### Work instruction
Output should begin at the line holding "- 1 < length" and end at the last line of the entries; print those lines verbatim and no others.

··· Data under study

definition order_stat :: "nat \<Rightarrow> (nat \<Rightarrow> real) \<Rightarrow> nat \<Rightarrow> real" where
  "order_stat m xs k = sort (map xs [1..<m+1]) ! (k - 1)"

end

theory Submission
  imports Defs
begin

text \<open>
  The proof computes both sides of the identity as the same sum over cells k:
  \<^item> Y r < x r on cell k iff at least k r samples of row r lie below x r; by independence
    of X and the samples, P(Y < x) = sum over k of P(cell k) * P(all row counts reach k);
  \<^item> each row count is Binomial(m, x r), so the second factor is a product of binomial
    tails sum_{i >= k r} bern i m (x r);
  \<^item> conversely the Bernstein polynomial of C is an Abel-type rearrangement: writing
    C at grid point i/m as the total probability of the cells below i (X is a.s. in an
    open cell since its margins are uniform) turns the Bernstein sum into the same
    expression.
\<close>

lemma sorted_nth_less_iff:
  fixes L :: "'b::linorder list"
  assumes "sorted L" "i < length L"
  shows "L ! i < t \<longleftrightarrow> i < length (filter (\<lambda>y. y < t) L)"
  using assms
proof (induction L arbitrary: i)
  case (Cons a L)
  show ?case
  proof (cases "a < t")
    case True
    then show ?thesis using Cons by (cases i) auto
  next
    case False
    then have "filter (\<lambda>y. y < t) (a # L) = []"
      using Cons.prems(1) by (auto simp: filter_empty_conv not_less intro: order_trans)
    moreover have "a \<le> (a # L) ! i" using Cons.prems nth_mem[OF Cons.prems(2)] by auto
    ultimately show ?thesis using False by auto
  qed
qed simp

lemma order_stat_less_iff:
  assumes "1 \<le> k" "k \<le> m"
  shows "order_stat m xs k < t \<longleftrightarrow> k \<le> card {j\<in>{1..m}. xs j < t}"
proof -
  let ?L = "sort (map xs [1..<m+1])"
  have "order_stat m xs k < t \<longleftrightarrow> k - 1 < length (filter (\<lambda>y. y < t) ?L)"
    unfolding order_stat_def using assms by (intro sorted_nth_less_iff) auto
  also have "length (filter (\<lambda>y. y < t) ?L) = length (filter (\<lambda>j. xs j < t) [1..<m+1])"
    by (simp add: filter_sort filter_map o_def)
  also have "\<dots> = card {j\<in>{1..m}. xs j < t}"
    by (subst distinct_card[symmetric]) (auto intro: arg_cong[where f = card])
  finally show ?thesis using assms by auto
qed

······

### Solved exercise
  have "order_stat m xs k < t \<longleftrightarrow> k - 1 < length (filter (\<lambda>y. y < t) ?L)"
    unfolding order_stat_def using assms by (intro sorted_nth_less_iff) auto
  also have "length (filter (\<lambda>y. y < t) ?L) = length (filter (\<lambda>j. xs j < t) [1..<m+1])"
    by (simp add: filter_sort filter_map o_def)
  also have "\<dots> = card {j\<in>{1..m}. xs j < t}"
    by (subst distinct_card[symmetric]) (auto intro: arg_cong[where f = card])
  finally show ?thesis using assms by auto
qed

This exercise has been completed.